Bolsonaro is expected to arrive in Israel on March 31 for a four-day visit, just one week ahead of the Knesset election on April 9.
In closed talks with Bolsonaro during a historic visit to the South American country in late December, the Brazilian leader reiterated to Prime Minister Benjamin Netanyahu his intention to relocate the Brazilian Embassy to Jerusalem.
During the scheduled visit, Bolsonaro might also officially recognize Jerusalem as Israel's capital.
Bolsonaro and many of his top aides have repeatedly indicated that Brazil would soon relocate its embassy in Israel to Jerusalem.
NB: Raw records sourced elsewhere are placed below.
(* Let $K\ge2$, $s\in(0,1)$, $q_1\ge\cdots\ge q_K>0$ with $\sum_{i=1}^Kq_i+s=1$. Let $\alpha_i=\log_{q_1}q_i$, let $R_0>1$ be the unique positive root of $\sum_{i=1}^KX^{-\alpha_i}=1$, let $-\beta=\log q_1/\log R_0$, and let $\overline{\mu}_K=\frac1K\sum_{i=1}^K\log_Kq_i$. Then $\overline{\mu}_K\le-\beta$, with equality when $q_1=\cdots=q_K$.
   Context: $-\beta$ is the exponent of the power law $B_r\approx r^{-\beta}$ for ranked word base values in the monkey-at-the-typewriter model with letter probabilities $q_i$ and space probability $s$. $\log_K$ denotes logarithm to base $K$. *)

theory Defs
  imports Complex_Main
begin

definition alpha :: "(nat \<Rightarrow> real) \<Rightarrow> nat \<Rightarrow> real" where
  "alpha q i = log (q 1) (q i)"

definition mu_bar :: "nat \<Rightarrow> (nat \<Rightarrow> real) \<Rightarrow> real" where
  "mu_bar K q = (1 / real K) * (\<Sum>i=1..K. log (real K) (q i))"

definition neg_beta :: "(nat \<Rightarrow> real) \<Rightarrow> real \<Rightarrow> real" where
  "neg_beta q R0 = ln (q 1) / ln R0"

end

theory Submission
  imports Defs
begin

text \<open>With \<open>t = - ln R\<^sub>0 / ln q\<^sub>1 > 0\<close> the defining equation of \<open>R\<^sub>0\<close> reads
  \<open>\<Sum> q\<^sub>i\<^sup>t = 1\<close>, and \<open>-\<beta> = -1/t\<close>. The inequality is then AM-GM for the \<open>K\<close> numbers
  \<open>q\<^sub>i\<^sup>t\<close> with sum \<open>1\<close>: the mean of their logarithms is at most \<open>ln (1/K)\<close>, with equality
  when they are all equal.\<close>

lemma sum_ln_le_of_sum_eq_1:
  fixes x :: "'a \<Rightarrow> real"
  assumes "finite A" and pos: "\<And>i. i \<in> A \<Longrightarrow> x i > 0" and sum1: "sum x A = 1"
  shows "(\<Sum>i\<in>A. ln (x i)) \<le> - real (card A) * ln (real (card A))"
proof -
  define n where "n = real (card A)"
  have "A \<noteq> {}" using sum1 by auto
  hence n: "n > 0" using \<open>finite A\<close> by (simp add: n_def card_gt_0_iff)
  have "ln (x i) + ln n \<le> n * x i - 1" if "i \<in> A" for i
    using ln_le_minus_one[of "n * x i"] pos[OF that] n by (simp add: ln_mult)
  hence "(\<Sum>i\<in>A. ln (x i) + ln n) \<le> (\<Sum>i\<in>A. n * x i - 1)"
    by (rule sum_mono)
  thus ?thesis
    using sum1 by (simp add: sum.distrib sum_subtractf sum_distrib_left[symmetric] n_def)
qed

lemma mu_bar_eq_sum_ln:
  "mu_bar K q = (\<Sum>i=1..K. ln (q i)) / (real K * ln (real K))"
  by (simp add: mu_bar_def log_def sum_divide_distrib[symmetric])

lemma mu_bar_le:
  assumes "K \<ge> 2" and pos: "\<And>i. 1 \<le> i \<Longrightarrow> i \<le> K \<Longrightarrow> q i > 0"
    and "t > 0" and sum1: "(\<Sum>i=1..K. q i powr t) = 1"
  shows "mu_bar K q \<le> - 1 / t"
proof -
  have "(\<Sum>i=1..K. ln (q i powr t)) \<le> - real (card {1..K}) * ln (real (card {1..K}))"
    using sum1 by (intro sum_ln_le_of_sum_eq_1) (auto simp: pos dual_order.strict_implies_not_eq)
  moreover have "(\<Sum>i=1..K. ln (q i powr t)) = t * (\<Sum>i=1..K. ln (q i))"
    using pos by (simp add: ln_powr sum_distrib_left)
  ultimately have "t * (\<Sum>i=1..K. ln (q i)) \<le> - (real K * ln (real K))" by simp
  moreover have "real K * ln (real K) > 0" using \<open>K \<ge> 2\<close> by simp
  ultimately show ?thesis
    using \<open>t > 0\<close> by (simp add: mu_bar_eq_sum_ln divide_le_eq field_simps)
qed

lemma mu_bar_eq_if_const:
  assumes "K \<ge> 2" and "q 1 > 0" and const: "\<forall>i\<in>{1..K}. q i = q 1"
    and "t > 0" and sum1: "(\<Sum>i=1..K. q i powr t) = 1"
  shows "mu_bar K q = - 1 / t"
proof -
  have K: "real K > 0" "ln (real K) > 0" using \<open>K \<ge> 2\<close> by simp_all
  have "(\<Sum>i=1..K. q i powr t) = (\<Sum>i=1..K. q 1 powr t)"
    by (rule sum.cong) (metis const)+
  hence "real K * q 1 powr t = 1"
    using sum1 by simp
  hence "ln (real K * q 1 powr t) = 0"
    by simp
  hence "ln (real K) + t * ln (q 1) = 0"
    using \<open>q 1 > 0\<close> K by (simp add: ln_mult ln_powr)
  hence ln_q1: "ln (q 1) = - ln (real K) / t"
    using \<open>t > 0\<close> by (simp add: field_simps)
  have "(\<Sum>i=1..K. ln (q i)) = (\<Sum>i=1..K. ln (q 1))"
    by (rule sum.cong) (metis const)+
  hence "mu_bar K q = ln (q 1) / ln (real K)"
    using K by (simp add: mu_bar_eq_sum_ln)
  also have "\<dots> = - 1 / t"
    unfolding ln_q1 using K(2) by (simp add: field_simps)
  finally show ?thesis .
qed

lemma powr_neg_alpha:
  assumes "R > 0" "q 1 > 0" "q i > 0"
  shows "R powr (- alpha q i) = q i powr (- ln R / ln (q 1))"
  using assms by (simp add: powr_def alpha_def log_def)

theorem proposition1:
  fixes K :: nat and s R0 :: real and q :: "nat \<Rightarrow> real"
  assumes hK: "K \<ge> 2"
    and hs: "0 < s" "s < 1"
    and hmono: "\<And>i j. 1 \<le> i \<Longrightarrow> i \<le> j \<Longrightarrow> j \<le> K \<Longrightarrow> q j \<le> q i"
    and hpos: "\<And>i. 1 \<le> i \<Longrightarrow> i \<le> K \<Longrightarrow> q i > 0"
    and hsum: "(\<Sum>i=1..K. q i) + s = 1"
    and hR0: "R0 > 1"
    and hroot: "(\<Sum>i=1..K. R0 powr (- alpha q i)) = 1"
    and huniq: "\<And>X. X > 0 \<Longrightarrow> (\<Sum>i=1..K. X powr (- alpha q i)) = 1 \<Longrightarrow> X = R0"
  shows "mu_bar K q \<le> neg_beta q R0
         \<and> ((\<forall>i\<in>{1..K}. q i = q 1) \<longrightarrow> mu_bar K q = neg_beta q R0)"
proof -
  define t where "t = - ln R0 / ln (q 1)"
  have q1: "q 1 > 0" using hpos hK by simp
  have "q 1 \<le> (\<Sum>i=1..K. q i)"
    using hK hpos by (intro member_le_sum) (auto intro: less_imp_le)
  hence "q 1 < 1" using hsum hs by linarith
  hence "ln (q 1) < 0" using q1 by simp
  hence t: "t > 0" using hR0 by (simp add: t_def divide_pos_neg)
  have "(\<Sum>i=1..K. R0 powr (- alpha q i)) = (\<Sum>i=1..K. q i powr t)"
    unfolding t_def using hR0 q1 hpos by (intro sum.cong refl powr_neg_alpha) auto
  hence sum1: "(\<Sum>i=1..K. q i powr t) = 1" using hroot by simp
  have "neg_beta q R0 = - 1 / t"
    using \<open>ln (q 1) < 0\<close> hR0 by (simp add: neg_beta_def t_def)
  with mu_bar_le[OF hK hpos t sum1] mu_bar_eq_if_const[OF hK q1 _ t sum1]
  show ?thesis by metis
qed

end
But Bolsonaro has come under pressure from powerful backers in the agricultural sector to abandon the embassy relocation idea.
The Arab League has warned Bolsonaro that moving the embassy to Jerusalem would be a setback for relations with Arab countries.
Such a move by Bolsonaro would be a sharp shift in Brazilian foreign policy, just as it was for the United States when U.S. President Donald Trump relocated the U.S. Embassy to Jerusalem in May.
Brazil has traditionally backed a two-state solution to the Israeli-Palestinian conflict, and the relocation of the embassy to Jerusalem, parts of which the Palestinians envision as the capital of a future state, would be seen as an affront.